**EXERCISE DESCRIPTION:** Each of the records that follow needs an exact reproduction.

• • •

lemma (in group) elem_ab_set_mult:
  assumes A: "elem_ab p G A" and B: "elem_ab p G B"
    and AB: "\<And>a b. a \<in> A \<Longrightarrow> b \<in> B \<Longrightarrow> a \<otimes> b = b \<otimes> a"
  shows "elem_ab p G (A <#> B)"
proof -
  have sA: "subgroup A G" and cA: "\<And>x y. x \<in> A \<Longrightarrow> y \<in> A \<Longrightarrow> x \<otimes> y = y \<otimes> x"
    and eA: "\<And>x. x \<in> A \<Longrightarrow> x [^] p = \<one>"
    using A unfolding elem_ab_def by auto
  have sB: "subgroup B G" and cB: "\<And>x y. x \<in> B \<Longrightarrow> y \<in> B \<Longrightarrow> x \<otimes> y = y \<otimes> x"
    and eB: "\<And>x. x \<in> B \<Longrightarrow> x [^] p = \<one>"
    using B unfolding elem_ab_def by auto
  have AG: "\<And>a. a \<in> A \<Longrightarrow> a \<in> carrier G" using subgroup.subset[OF sA] by blast
  have BG: "\<And>a. a \<in> B \<Longrightarrow> a \<in> carrier G" using subgroup.subset[OF sB] by blast
  have mem: "x \<in> A <#> B \<longleftrightarrow> (\<exists>a\<in>A. \<exists>b\<in>B. x = a \<otimes> b)" for x
    unfolding set_mult_def by blast
  have "\<forall>x\<in>A <#> B. \<forall>y\<in>A <#> B. x \<otimes> y = y \<otimes> x"
  proof (intro ballI)
    fix x y assume "x \<in> A <#> B" "y \<in> A <#> B"
    then obtain a b a' b' where ab: "a \<in> A" "b \<in> B" "x = a \<otimes> b" "a' \<in> A" "b' \<in> B" "y = a' \<otimes> b'"
      using mem by metis
    have "x \<otimes> y = (a \<otimes> a') \<otimes> (b \<otimes> b')"
      using ab AG BG AB[of a' b] by (simp add: interchange_commuting)
    also have "\<dots> = (a' \<otimes> a) \<otimes> (b' \<otimes> b)" using cA cB ab by simp
    also have "\<dots> = y \<otimes> x"
      using ab AG BG AB[of a b'] by (simp add: interchange_commuting)
    finally show "x \<otimes> y = y \<otimes> x" .
  qed
  moreover have "\<forall>x\<in>A <#> B. x [^] p = \<one>"
  proof
    fix x assume "x \<in> A <#> B"
    then obtain a b where ab: "a \<in> A" "b \<in> B" "x = a \<otimes> b" using mem by blast
    have "x [^] p = a [^] p \<otimes> b [^] p"
      using ab pow_mult_distrib[OF AB[OF ab(1,2)] AG[OF ab(1)] BG[OF ab(2)]] by simp
    then show "x [^] p = \<one>" using eA eB ab by simp
  qed
  ultimately show ?thesis
    unfolding elem_ab_def using commuting_set_mult_subgroup[OF sA sB AB] by blast
qed

lemma (in group) nat_pow_dvd_eq_one:
  "e \<in> carrier G \<Longrightarrow> e [^] p = \<one> \<Longrightarrow> p dvd i \<Longrightarrow> e [^] (i::nat) = \<one>"
  by (auto simp: nat_pow_pow[symmetric])

lemma (in group) inv_nat_pow_order_p:
  assumes p: "0 < p" and e: "e \<in> carrier G" "e [^] p = \<one>"
  shows "inv (e [^] (i::nat)) = e [^] (i * (p - 1))"
proof (rule inv_equality)
  have "e [^] (i * (p - 1)) \<otimes> e [^] i = e [^] (i * (p - 1) + i)"
    using e by (simp add: nat_pow_mult)
  also have "i * (p - 1) + i = p * i" using p by (cases p) (auto simp: algebra_simps)
  finally show "e [^] (i * (p - 1)) \<otimes> e [^] i = \<one>"
    using nat_pow_dvd_eq_one[OF e, of "p * i"] by simp
qed (use e in auto)

lemma (in group) subgroup_join_cyclic:
  assumes p: "0 < p" and E: "elem_ab p G E" and sC: "subgroup C G" and CE: "C \<subseteq> E" and e: "e \<in> E"
  shows "subgroup {c \<otimes> e [^] (i::nat) | c i. c \<in> C} G" (is "subgroup ?C' G")
proof -
  have sE: "subgroup E G" and cE: "\<And>x y. x \<in> E \<Longrightarrow> y \<in> E \<Longrightarrow> x \<otimes> y = y \<otimes> x"
    and eE: "\<And>x. x \<in> E \<Longrightarrow> x [^] p = \<one>"
    using E unfolding elem_ab_def by auto
  have EG: "E \<subseteq> carrier G" using sE by (rule subgroup.subset)
  have eG: "e \<in> carrier G" using e EG by blast
  have cG: "c \<in> carrier G" if "c \<in> C" for c using that CE EG by blast
  have epowE: "e [^] (i::nat) \<in> E" for i using subgroup_nat_pow_closed[OF sE e] .
  show ?thesis
  proof (rule subgroupI)
    show "?C' \<subseteq> carrier G" using cG eG by auto
    show "?C' \<noteq> {}" using subgroup.one_closed[OF sC] by blast
    show "a \<otimes> b \<in> ?C'" if ha: "a \<in> ?C'" "b \<in> ?C'" for a b
    proof -
      obtain c i where a: "a = c \<otimes> e [^] (i::nat)" "c \<in> C" using ha(1) by blast
      obtain c' j where b: "b = c' \<otimes> e [^] (j::nat)" "c' \<in> C" using ha(2) by blast
      have "a \<otimes> b = c \<otimes> (e [^] i \<otimes> (c' \<otimes> e [^] j))"
        using a b cG eG by (simp add: m_assoc)
      also have "\<dots> = c \<otimes> ((c' \<otimes> e [^] j) \<otimes> e [^] i)"
      proof -
        have "c' \<otimes> e [^] j \<in> E" using b CE epowE subgroup.m_closed[OF sE] by blast
        then show ?thesis using cE[OF epowE[of i], of "c' \<otimes> e [^] j"] by simp
      qed
      also have "\<dots> = (c \<otimes> c') \<otimes> e [^] (j + i)"
        using a b cG eG by (simp add: m_assoc nat_pow_mult)
      finally show ?thesis using subgroup.m_closed[OF sC a(2) b(2)] by blast
    qed
    show "inv a \<in> ?C'" if ha: "a \<in> ?C'" for a
    proof -
      obtain c i where a: "a = c \<otimes> e [^] (i::nat)" "c \<in> C" using ha by blast
      have ie: "inv (e [^] i) = e [^] (i * (p - 1))" by (rule inv_nat_pow_order_p[OF p eG eE[OF e]])
      have "inv a = inv (e [^] i) \<otimes> inv c"
        using a cG eG by (simp add: inv_mult_group)
      also have "\<dots> = inv c \<otimes> e [^] (i * (p - 1))"
        unfolding ie using cE[OF epowE subgroup.m_inv_closed[OF sE]] a CE by blast
      finally show ?thesis using subgroup.m_inv_closed[OF sC a(2)] by blast
    qed
  qed
qed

• • •

**ANSWER:**
lemma (in group) elem_ab_set_mult:
  assumes A: "elem_ab p G A" and B: "elem_ab p G B"
    and AB: "\<And>a b. a \<in> A \<Longrightarrow> b \<in> B \<Longrightarrow> a \<otimes> b = b \<otimes> a"
  shows "elem_ab p G (A <#> B)"
proof -
  have sA: "subgroup A G" and cA: "\<And>x y. x \<in> A \<Longrightarrow> y \<in> A \<Longrightarrow> x \<otimes> y = y \<otimes> x"
    and eA: "\<And>x. x \<in> A \<Longrightarrow> x [^] p = \<one>"
    using A unfolding elem_ab_def by auto
  have sB: "subgroup B G" and cB: "\<And>x y. x \<in> B \<Longrightarrow> y \<in> B \<Longrightarrow> x \<otimes> y = y \<otimes> x"
    and eB: "\<And>x. x \<in> B \<Longrightarrow> x [^] p = \<one>"
    using B unfolding elem_ab_def by auto
  have AG: "\<And>a. a \<in> A \<Longrightarrow> a \<in> carrier G" using subgroup.subset[OF sA] by blast
  have BG: "\<And>a. a \<in> B \<Longrightarrow> a \<in> carrier G" using subgroup.subset[OF sB] by blast
  have mem: "x \<in> A <#> B \<longleftrightarrow> (\<exists>a\<in>A. \<exists>b\<in>B. x = a \<otimes> b)" for x
    unfolding set_mult_def by blast
  have "\<forall>x\<in>A <#> B. \<forall>y\<in>A <#> B. x \<otimes> y = y \<otimes> x"
  proof (intro ballI)
    fix x y assume "x \<in> A <#> B" "y \<in> A <#> B"
    then obtain a b a' b' where ab: "a \<in> A" "b \<in> B" "x = a \<otimes> b" "a' \<in> A" "b' \<in> B" "y = a' \<otimes> b'"
      using mem by metis
    have "x \<otimes> y = (a \<otimes> a') \<otimes> (b \<otimes> b')"
      using ab AG BG AB[of a' b] by (simp add: interchange_commuting)
    also have "\<dots> = (a' \<otimes> a) \<otimes> (b' \<otimes> b)" using cA cB ab by simp
    also have "\<dots> = y \<otimes> x"
      using ab AG BG AB[of a b'] by (simp add: interchange_commuting)
    finally show "x \<otimes> y = y \<otimes> x" .
  qed
  moreover have "\<forall>x\<in>A <#> B. x [^] p = \<one>"
  proof
    fix x assume "x \<in> A <#> B"
    then obtain a b where ab: "a \<in> A" "b \<in> B" "x = a \<otimes> b" using mem by blast
    have "x [^] p = a [^] p \<otimes> b [^] p"
      using ab pow_mult_distrib[OF AB[OF ab(1,2)] AG[OF ab(1)] BG[OF ab(2)]] by simp
    then show "x [^] p = \<one>" using eA eB ab by simp
  qed
  ultimately show ?thesis
    unfolding elem_ab_def using commuting_set_mult_subgroup[OF sA sB AB] by blast
qed

lemma (in group) nat_pow_dvd_eq_one:
  "e \<in> carrier G \<Longrightarrow> e [^] p = \<one> \<Longrightarrow> p dvd i \<Longrightarrow> e [^] (i::nat) = \<one>"
  by (auto simp: nat_pow_pow[symmetric])

lemma (in group) inv_nat_pow_order_p:
  assumes p: "0 < p" and e: "e \<in> carrier G" "e [^] p = \<one>"
  shows "inv (e [^] (i::nat)) = e [^] (i * (p - 1))"
proof (rule inv_equality)
  have "e [^] (i * (p - 1)) \<otimes> e [^] i = e [^] (i * (p - 1) + i)"
    using e by (simp add: nat_pow_mult)
  also have "i * (p - 1) + i = p * i" using p by (cases p) (auto simp: algebra_simps)
  finally show "e [^] (i * (p - 1)) \<otimes> e [^] i = \<one>"
    using nat_pow_dvd_eq_one[OF e, of "p * i"] by simp
qed (use e in auto)

lemma (in group) subgroup_join_cyclic:
  assumes p: "0 < p" and E: "elem_ab p G E" and sC: "subgroup C G" and CE: "C \<subseteq> E" and e: "e \<in> E"
  shows "subgroup {c \<otimes> e [^] (i::nat) | c i. c \<in> C} G" (is "subgroup ?C' G")
proof -
  have sE: "subgroup E G" and cE: "\<And>x y. x \<in> E \<Longrightarrow> y \<in> E \<Longrightarrow> x \<otimes> y = y \<otimes> x"
    and eE: "\<And>x. x \<in> E \<Longrightarrow> x [^] p = \<one>"
    using E unfolding elem_ab_def by auto
  have EG: "E \<subseteq> carrier G" using sE by (rule subgroup.subset)
  have eG: "e \<in> carrier G" using e EG by blast
  have cG: "c \<in> carrier G" if "c \<in> C" for c using that CE EG by blast
  have epowE: "e [^] (i::nat) \<in> E" for i using subgroup_nat_pow_closed[OF sE e] .
  show ?thesis
  proof (rule subgroupI)
    show "?C' \<subseteq> carrier G" using cG eG by auto
    show "?C' \<noteq> {}" using subgroup.one_closed[OF sC] by blast
    show "a \<otimes> b \<in> ?C'" if ha: "a \<in> ?C'" "b \<in> ?C'" for a b
    proof -
      obtain c i where a: "a = c \<otimes> e [^] (i::nat)" "c \<in> C" using ha(1) by blast
      obtain c' j where b: "b = c' \<otimes> e [^] (j::nat)" "c' \<in> C" using ha(2) by blast
      have "a \<otimes> b = c \<otimes> (e [^] i \<otimes> (c' \<otimes> e [^] j))"
        using a b cG eG by (simp add: m_assoc)
      also have "\<dots> = c \<otimes> ((c' \<otimes> e [^] j) \<otimes> e [^] i)"
      proof -
        have "c' \<otimes> e [^] j \<in> E" using b CE epowE subgroup.m_closed[OF sE] by blast
        then show ?thesis using cE[OF epowE[of i], of "c' \<otimes> e [^] j"] by simp
      qed
      also have "\<dots> = (c \<otimes> c') \<otimes> e [^] (j + i)"
        using a b cG eG by (simp add: m_assoc nat_pow_mult)
      finally show ?thesis using subgroup.m_closed[OF sC a(2) b(2)] by blast
    qed
    show "inv a \<in> ?C'" if ha: "a \<in> ?C'" for a
    proof -
      obtain c i where a: "a = c \<otimes> e [^] (i::nat)" "c \<in> C" using ha by blast
      have ie: "inv (e [^] i) = e [^] (i * (p - 1))" by (rule inv_nat_pow_order_p[OF p eG eE[OF e]])
      have "inv a = inv (e [^] i) \<otimes> inv c"
        using a cG eG by (simp add: inv_mult_group)
      also have "\<dots> = inv c \<otimes> e [^] (i * (p - 1))"
        unfolding ie using cE[OF epowE subgroup.m_inv_closed[OF sE]] a CE by blast
      finally show ?thesis using subgroup.m_inv_closed[OF sC a(2)] by blast
    qed
  qed
qed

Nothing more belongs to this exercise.